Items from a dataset
────────────────────────────────────────
lemma pareto_spec_preserver:
  assumes H: "\<And>a b c d l. pareto_spec a b c d l \<longleftrightarrow>
      pareto_spec (a * x1 + b * u1 + c * v1 + d * y1) (a * x2 + b * u2 + c * v2 + d * y2)
        (a * x3 + b * u3 + c * v3 + d * y3) (a * x4 + b * u4 + c * v4 + d * y4) l"
  shows "\<exists>k>0.
    (x1, x2, x3, x4) = (1, 0, 0, 0) \<and> (u1, u2, u3, u4) = (0, k, 0, 0) \<and>
    (v1, v2, v3, v4) = (0, 0, 1 / k, 0) \<and> (y1, y2, y3, y4) = (0, 0, 0, 1) \<or>
    (x1, x2, x3, x4) = (0, 0, 0, 1) \<and> (u1, u2, u3, u4) = (0, 0, k, 0) \<and>
    (v1, v2, v3, v4) = (0, 1 / k, 0, 0) \<and> (y1, y2, y3, y4) = (1, 0, 0, 0)"
proof -
  have "u1 = 0 \<and> u4 = 0 \<and> v1 = 0 \<and> v4 = 0 \<and>
    (\<exists>k>0. (u2 = k \<and> u3 = 0 \<and> v2 = 0 \<and> v3 = 1 / k) \<or> (u2 = 0 \<and> u3 = k \<and> v2 = 1 / k \<and> v3 = 0))"
    by (rule pareto_spec_preserver_off_diagonal) (use H[of 0] in simp)
  then obtain k where k: "k > 0" and uv: "u1 = 0" "u4 = 0" "v1 = 0" "v4 = 0"
    and "(u2 = k \<and> u3 = 0 \<and> v2 = 0 \<and> v3 = 1 / k) \<or> (u2 = 0 \<and> u3 = k \<and> v2 = 1 / k \<and> v3 = 0)"
    by blast
  then consider "u2 = k" "u3 = 0" "v2 = 0" "v3 = 1 / k" | "u2 = 0" "u3 = k" "v2 = 1 / k" "v3 = 0"
    by blast
  then show ?thesis
  proof cases
    case 1
    have "(x1, x2, x3, x4) = (1, 0, 0, 0) \<and> (y1, y2, y3, y4) = (0, 0, 0, 1)"
      by (rule pareto_spec_preserver_normal_form[OF k]) (use H uv 1 in \<open>simp add: ac_simps\<close>)
    with k uv 1 show ?thesis by auto
  next
    case 2
    have "(x4, x3, x2, x1) = (1, 0, 0, 0) \<and> (y4, y3, y2, y1) = (0, 0, 0, 1)"
      by (rule pareto_spec_preserver_normal_form[OF k]) (use H uv 2 pareto_spec_flip in \<open>simp add: ac_simps\<close>)
    with k uv 2 show ?thesis by auto
  qed
qed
────────────────────────────────────────
§ **WHAT YOU HAVE TO DO**
Copy only the entries from the first line to the line with "(a * x3 + b * u3", each exactly as it appears.

§ **YOUR SOLUTION**
lemma pareto_spec_preserver:
  assumes H: "\<And>a b c d l. pareto_spec a b c d l \<longleftrightarrow>
      pareto_spec (a * x1 + b * u1 + c * v1 + d * y1) (a * x2 + b * u2 + c * v2 + d * y2)
        (a * x3 + b * u3 + c * v3 + d * y3) (a * x4 + b * u4 + c * v4 + d * y4) l"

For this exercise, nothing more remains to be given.